- Bangla Manthar
- Manthar Bangla Manthar on the map of Pakistan
- Coordinates: 28°07′N 70°08′E﻿ / ﻿28.11°N 70.13°E
- Pakistan: Pakistan
- Province: Punjab
- District: Rahim Yar Khan District
- Tehsil: Rahim Yar Khan Sadiqabad

Area
- • Total: 240 km^{2} (93 sq mi)
- Elevation: 92 m (302 ft)
- Time zone: UTC+5 (PST)
- Calling code: 068

= Bangla Manthar =

Bangla Manthar is a small town in Rahim Yar Khan District in the Punjab province of Pakistan. It is also known as Manthar and Manthar Bangla.

It is about 32.4 km away from Rahim Yar Khan city, via a direct road link. It is about 19.4 km away from Sadiqabad city (with a direct road link). There is a mill of ethanol, called "United Ethanol Mill Limited", about 3 km away from Bangla Manthar on Sadiqabad-Bangla Manthar Road. Manthar contains a historic Bangla-type building that is now deteriorated. A mainstream canal along with a small canal passes from manthar. It provides a living hood to several people living beside it.

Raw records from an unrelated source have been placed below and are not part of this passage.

lemma nn_integral_tail: "(\<integral>\<^sup>+x. (\<Sum>k. ennreal (increment (k + n) x)) \<partial>lborel) = ennreal (tail n)"
proof -
  have "(\<integral>\<^sup>+x. (\<Sum>k. ennreal (increment (k + n) x)) \<partial>lborel)
      = (\<Sum>k. (\<integral>\<^sup>+x. ennreal (increment (k + n) x) \<partial>lborel))"
    by (rule nn_integral_suminf) simp
  also have "\<dots> = (\<Sum>k. ennreal (\<integral>x. increment (k + n) x \<partial>lborel))"
    by (simp add: nn_integral_increment)
  also have "\<dots> = ennreal (tail n)" unfolding tail_def
    using summable_increment
    by (intro suminf_ennreal2 summable_ignore_initial_segment) (auto simp: increment_def)
  finally show ?thesis .
qed

definition good :: "real set" where
  "good = {x. (\<Sum>n. ennreal (increment n x)) \<noteq> top}"

lemma good_sets[measurable]: "good \<in> sets borel"
  unfolding good_def by measurable

lemma AE_good: "AE x in lborel. x \<in> good"
proof -
  have "(\<integral>\<^sup>+x. (\<Sum>n. ennreal (increment (n + 0) x)) \<partial>lborel) \<noteq> top"
    using nn_integral_tail[of 0] by simp
  then show ?thesis
    using nn_integral_noteq_infinite[of "\<lambda>x. \<Sum>n. ennreal (increment (n + 0) x)" lborel]
    by (simp add: good_def)
qed

lemma good_summable: "x \<in> good \<Longrightarrow> summable (\<lambda>n. increment n x)"
  unfolding good_def by (rule summable_suminf_not_top) (auto simp: increment_def)

lemma good_tail_bound:
  assumes "x \<in> good" shows "\<bar>\<rho> (j + n) x - \<rho> n x\<bar> \<le> (\<Sum>k. increment (k + n) x)"
proof -
  have "\<bar>\<rho> (j + n) x - \<rho> n x\<bar> \<le> (\<Sum>k<j. increment (k + n) x)"
  proof (induction j)
    case (Suc j)
    have "\<bar>\<rho> (Suc j + n) x - \<rho> n x\<bar> \<le> \<bar>\<rho> (Suc (j + n)) x - \<rho> (j + n) x\<bar> + \<bar>\<rho> (j + n) x - \<rho> n x\<bar>"
      by simp
    also have "\<dots> \<le> increment (j + n) x + (\<Sum>k<j. increment (k + n) x)"
      using Suc.IH by (simp add: increment_def)
    finally show ?case by (simp add: add.commute)
  qed simp
  also have "\<dots> \<le> (\<Sum>k. increment (k + n) x)"
    using good_summable[OF assms]
    by (intro sum_le_suminf summable_ignore_initial_segment) (auto simp: increment_def)
  finally show ?thesis .
qed

lemma good_convergent: assumes "x \<in> good" shows "convergent (\<lambda>n. \<rho> n x)"
proof -
  have "summable (\<lambda>k. \<rho> (Suc k) x - \<rho> k x)"
    using good_summable[OF assms] unfolding increment_def by (rule summable_rabs_cancel)
  then have "(\<lambda>n. \<rho> 0 x + (\<Sum>k<n. \<rho> (Suc k) x - \<rho> k x)) \<longlonglongrightarrow> \<rho> 0 x + (\<Sum>k. \<rho> (Suc k) x - \<rho> k x)"
    by (intro tendsto_add tendsto_const summable_LIMSEQ)
  moreover have "(\<lambda>n. \<rho> 0 x + (\<Sum>k<n. \<rho> (Suc k) x - \<rho> k x)) = (\<lambda>n. \<rho> n x)"
    by (rule ext) (simp add: sum_lessThan_telescope[where f="\<lambda>k. \<rho> k x"])
  ultimately show ?thesis unfolding convergent_def by auto
qed

definition version :: "nat \<Rightarrow> real \<Rightarrow> real" where
  "version n x = (if x \<in> good then \<rho> n x else 0)"

definition limit :: "real \<Rightarrow> real" where
  "limit x = lim (\<lambda>n. version n x)"

lemma version_measurable[measurable]: "version n \<in> borel_measurable borel"
  unfolding version_def[abs_def] by measurable

lemma version_nonneg: "0 \<le> version n x"
  unfolding version_def by (simp add: nonneg)

lemma version_AE_eq: "AE x in lborel. version n x = \<rho> n x"
  using AE_good by (rule AE_mp) (simp add: version_def)

lemma version_integrable: "integrable lborel (version n)"
  using integrable_cong_AE[of "version n" lborel "\<rho> n"] version_AE_eq integrable by simp

lemma version_tendsto: "(\<lambda>n. version n x) \<longlonglongrightarrow> limit x"
proof (cases "x \<in> good")
  case True
  then have "convergent (\<lambda>n. version n x)" using good_convergent by (simp add: version_def)
  then show ?thesis unfolding limit_def by (simp add: convergent_LIMSEQ_iff)
next
  case False
  then show ?thesis unfolding limit_def version_def by simp
qed

lemma limit_measurable[measurable]: "limit \<in> borel_measurable borel"
  by (rule borel_measurable_LIMSEQ_metric[OF version_measurable version_tendsto])

lemma limit_nonneg: "0 \<le> limit x"
  by (rule LIMSEQ_le_const[OF version_tendsto]) (auto simp: version_nonneg)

The Rural Health Centre (RHC) of Manthar is operationalized to provide basic health facilities for the public. The rural veterinary hospital is built to provide veterinary health facilities in the area.

== History ==
Bangla Manthar has a rich history tied to both spiritual and princely heritage. The town is named after the Sufi saint Hazrat Faqir Manthar Sain, who migrated from Balochistan and settled in the region when it was surrounded by dense forests near the Indus River.

=== Princely Era and the "Bangla" ===
In the 1920s, during the reign of Sadiq Muhammad Khan V, the Nawab of Bahawalpur State, a grand government rest house was built for royal hunting. This building was known as the "Bangla," which eventually gave the town its name.

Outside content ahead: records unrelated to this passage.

lemma remainders_bounded:
  assumes K: "compact K" "K \<subseteq> V"
  obtains \<delta> M where "\<delta> > 0"
    "\<And>y t. y \<in> K \<Longrightarrow> \<bar>t\<bar> \<le> \<delta> \<Longrightarrow> \<bar>dt_Hh 4 y t\<bar> \<le> M \<and> \<bar>hess_remainder (y,t)\<bar> \<le> M"
proof -
  obtain \<delta> where \<delta>: "\<delta> > 0" "cball 0 \<delta> \<subseteq> U"
    using U_open U0 open_contains_cball by blast
  have KT: "compact (K \<times> cball (0::real) \<delta>)" "K \<times> cball (0::real) \<delta> \<subseteq> V \<times> U"
    using K \<delta> by (auto intro!: compact_Times)
  obtain M4 where M4: "\<And>p. p \<in> K \<times> cball (0::real) \<delta> \<Longrightarrow> \<bar>iter_dderiv Hh (replicate 4 (0,1)) p\<bar> \<le> M4"
    using continuous_on_compact_bound[OF KT(1)
        continuous_on_subset[OF smooth_on_continuous_on[OF Hh_smooth] KT(2)]]
    by (metis real_norm_def)
  obtain M2 where M2: "\<And>p. p \<in> K \<times> cball (0::real) \<delta> \<Longrightarrow> \<bar>hess_remainder p\<bar> \<le> M2"
    using continuous_on_compact_bound[OF KT(1) continuous_on_subset[OF continuous_on_hess_remainder KT(2)]]
    by (metis real_norm_def)
  show thesis
  proof (rule that[OF \<delta>(1), of "max M2 M4"])
    fix y t assume "y \<in> K" "\<bar>t\<bar> \<le> \<delta>"
    then show "\<bar>dt_Hh 4 y t\<bar> \<le> max M2 M4 \<and> \<bar>hess_remainder (y,t)\<bar> \<le> max M2 M4"
      using M2[of "(y,t)"] M4[of "(y,t)"] by (auto simp: dt_Hh_def)
  qed
qed

end

theorem mainTheorem5:
  fixes H :: "((real^'n) \<times> (real^'n)) \<Rightarrow> real"
    and Hh :: "((real^'n) \<times> (real^'n)) \<times> real \<Rightarrow> real"
    and V :: "((real^'n) \<times> (real^'n)) set"
    and U :: "real set"
  assumes H_smooth: "smooth_on UNIV H"
    and V_open: "open V"
    and U_open: "open U" and U_interval: "is_interval U" and U0: "0 \<in> U"
    and Hh_smooth: "smooth_on (V \<times> U) Hh"
    and PDE: "\<And>y t. y \<in> V \<Longrightarrow> t \<in> U \<Longrightarrow>
       ((\<lambda>s. s * Hh (y, s)) has_real_derivative
          H (y + (t / 2) *\<^sub>R Jinv (grad (\<lambda>z. Hh (z, t)) y))) (at t)"
  shows "\<forall>K. compact K \<and> K \<subseteq> V \<longrightarrow>
     (\<exists>C \<delta>. \<delta> > 0 \<and> (\<forall>y\<in>K. \<forall>h\<in>U. \<bar>h\<bar> < \<delta> \<longrightarrow>
        \<bar>H y - (Hh (y, h) - h^2 / 24 * hess_form (\<lambda>z. Hh (z, h)) y (Jinv (grad H y)))\<bar>
          \<le> C * h^4))"
proof (intro allI impI)
  interpret modified_hamiltonian H Hh V U
    by (rule modified_hamiltonian.intro[OF H_smooth V_open U_open U_interval U0 Hh_smooth PDE])
  fix K :: "((real^'n) \<times> (real^'n)) set"
  assume K: "compact K \<and> K \<subseteq> V"
  obtain \<delta> M where \<delta>: "\<delta> > 0"
    and M: "\<And>y t. y \<in> K \<Longrightarrow> \<bar>t\<bar> \<le> \<delta> \<Longrightarrow> \<bar>dt_Hh 4 y t\<bar> \<le> M \<and> \<bar>hess_remainder (y,t)\<bar> \<le> M"
    by (rule remainders_bounded[of K]) (use K in auto)
  show "\<exists>C \<delta>. \<delta> > 0 \<and> (\<forall>y\<in>K. \<forall>h\<in>U. \<bar>h\<bar> < \<delta> \<longrightarrow>
        \<bar>H y - (Hh (y, h) - h^2 / 24 * hess_form (\<lambda>z. Hh (z, h)) y (Jinv (grad H y)))\<bar>
          \<le> C * h^4)"
  proof (intro exI conjI ballI impI)
    fix y h assume y: "y \<in> K" and h: "h \<in> U" "\<bar>h\<bar> < \<delta>"
    obtain t1 t2 where t: "\<bar>t1\<bar> \<le> \<bar>h\<bar>" "\<bar>t2\<bar> \<le> \<bar>h\<bar>"
      and err: "H y - (Hh (y, h) - h^2 / 24 * hess_form (\<lambda>z. Hh (z, h)) y (Jinv (grad H y)))
        = h^4 * (hess_remainder (y,t2) / 48 - dt_Hh 4 y t1 / 24)"
      by (rule midpoint_error_eq[of y h]) (use y K h in auto)
    have "\<bar>dt_Hh 4 y t1\<bar> \<le> M" "\<bar>hess_remainder (y,t2)\<bar> \<le> M"
      using M[OF y, of t1] M[OF y, of t2] t h by auto
    then have "\<bar>hess_remainder (y,t2) / 48 - dt_Hh 4 y t1 / 24\<bar> \<le> M / 16"
      using abs_triangle_ineq4[of "hess_remainder (y,t2) / 48" "dt_Hh 4 y t1 / 24"] by simp
    from mult_left_mono[OF this, of "h^4"]
    show "\<bar>H y - (Hh (y, h) - h^2 / 24 * hess_form (\<lambda>z. Hh (z, h)) y (Jinv (grad H y)))\<bar>
        \<le> M / 16 * h^4"
      unfolding err by (simp add: abs_mult mult.commute)
  qed (fact \<delta>)
qed

end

=== The Shar Tribe and 'Amir-e-Shikar' ===
The Shar Tribe was assigned to protect the state's borders and hunting grounds. For his bravery, the Nawab awarded Muhammad Mochara Shar the royal title of Amir-e-Shikar (Chief of Hunting). As a reward for their loyalty, the tribe was granted land (Jagir) in Chak 140-P East and surrounding areas.